Now that NOAA has locked in Lin’s model, Mass wants to see a commitment to ongoing improvements—a sentiment shared by Lin himself. “The way you catch up to the other guys,” Lin says, “is to keep improving faster than them.”
There are advances underway well beyond computer-model upgrades, and in many cases the U.S. defines the cutting edge. GOES-16, a new weather satellite that was launched in 2016 and became operational late last year, is providing unprecedented imagery of storms and the atmosphere, and can even observe lightning from space, which can help improve tornado-warning lead times. (A sister satellite launched this year, GOES-17, is now in a testing phase and has suffered some technical problems, but is also sending back astounding views.)

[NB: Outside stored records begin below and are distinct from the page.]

lemma pair_resolving_degree_at_most_two:
  assumes s: "simple_graph V E" and c: "connected_graph V E" and pr: "pair_resolving V E"
  shows "degree_at_most_two E"
  unfolding degree_at_most_two_def
proof (intro allI impI)
  fix v u\<^sub>1 u\<^sub>2 u\<^sub>3 assume a: "adj E v u\<^sub>1" "adj E v u\<^sub>2" "adj E v u\<^sub>3"
  show "u\<^sub>1 = u\<^sub>2 \<or> u\<^sub>1 = u\<^sub>3 \<or> u\<^sub>2 = u\<^sub>3"
  proof (rule ccontr)
    assume "\<not> ?thesis"
    then have d: "u\<^sub>1 \<noteq> u\<^sub>2" "u\<^sub>1 \<noteq> u\<^sub>3" "u\<^sub>2 \<noteq> u\<^sub>3" by auto
    have at1: "gdist E u v = 1" if "adj E v u" for u
      using gdist_eq_1_iff[OF c] adj_simple_graphD[OF s that] that adj_sym[of E v u] by auto
    have separated: "adj E u\<^sub>j u\<^sub>i \<noteq> adj E u\<^sub>k u\<^sub>i"
      if "adj E v u\<^sub>i" "adj E v u\<^sub>j" "adj E v u\<^sub>k" "u\<^sub>i \<noteq> u\<^sub>j" "u\<^sub>i \<noteq> u\<^sub>k" "u\<^sub>j \<noteq> u\<^sub>k"
      for u\<^sub>i u\<^sub>j u\<^sub>k
    proof -
      have V: "v \<in> V" "u\<^sub>i \<in> V" "u\<^sub>j \<in> V" "u\<^sub>k \<in> V" "v \<noteq> u\<^sub>i"
        using adj_simple_graphD[OF s] that(1-3) by blast+
      text \<open>The pair \<open>{v, u\<^sub>i}\<close> must separate \<open>u\<^sub>j\<close> and \<open>u\<^sub>k\<close>, which are both adjacent to \<open>v\<close>.\<close>
      have "gdist E u\<^sub>j v = gdist E u\<^sub>k v" using at1 that(2,3) by simp
      then have "gdist E u\<^sub>j u\<^sub>i \<noteq> gdist E u\<^sub>k u\<^sub>i"
        using pr[unfolded pair_resolving_iff, rule_format, of v u\<^sub>i u\<^sub>j u\<^sub>k] V \<open>u\<^sub>j \<noteq> u\<^sub>k\<close> by auto
      then show ?thesis
        using gdist_common_neighbour[OF s c that(2,1)] gdist_common_neighbour[OF s c that(3,1)] that(4,5)
        by (auto split: if_splits)
    qed
    have "adj E u\<^sub>2 u\<^sub>1 \<noteq> adj E u\<^sub>3 u\<^sub>1" "adj E u\<^sub>1 u\<^sub>2 \<noteq> adj E u\<^sub>3 u\<^sub>2" "adj E u\<^sub>1 u\<^sub>3 \<noteq> adj E u\<^sub>2 u\<^sub>3"
      using separated[of u\<^sub>1 u\<^sub>2 u\<^sub>3] separated[of u\<^sub>2 u\<^sub>1 u\<^sub>3] separated[of u\<^sub>3 u\<^sub>1 u\<^sub>2] a d by auto
    then show False
      using adj_sym[of E u\<^sub>2 u\<^sub>1] adj_sym[of E u\<^sub>3 u\<^sub>1] adj_sym[of E u\<^sub>3 u\<^sub>2] by blast
  qed
qed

NOAA expects to eventually improve the reliability of forecasts 30 days out, and even advance overviews of the entire hurricane season. On May 24, NOAA issued its 2018 Atlantic hurricane–season forecast, predicting a 70% chance of 10 to 16 named storms, of which five to nine could become hurricanes, including one to four major hurricanes-—a near or above-normal outlook.
With the first day of school just a few weeks away, Alan Walters is keeping a close eye on those outlooks back at his Georgetown County schools office. “The more notice we can get, the better,” he says. He just hopes that, whether those storms require a cancelled football game or mass evacuations, the families of South Carolina heed the warnings.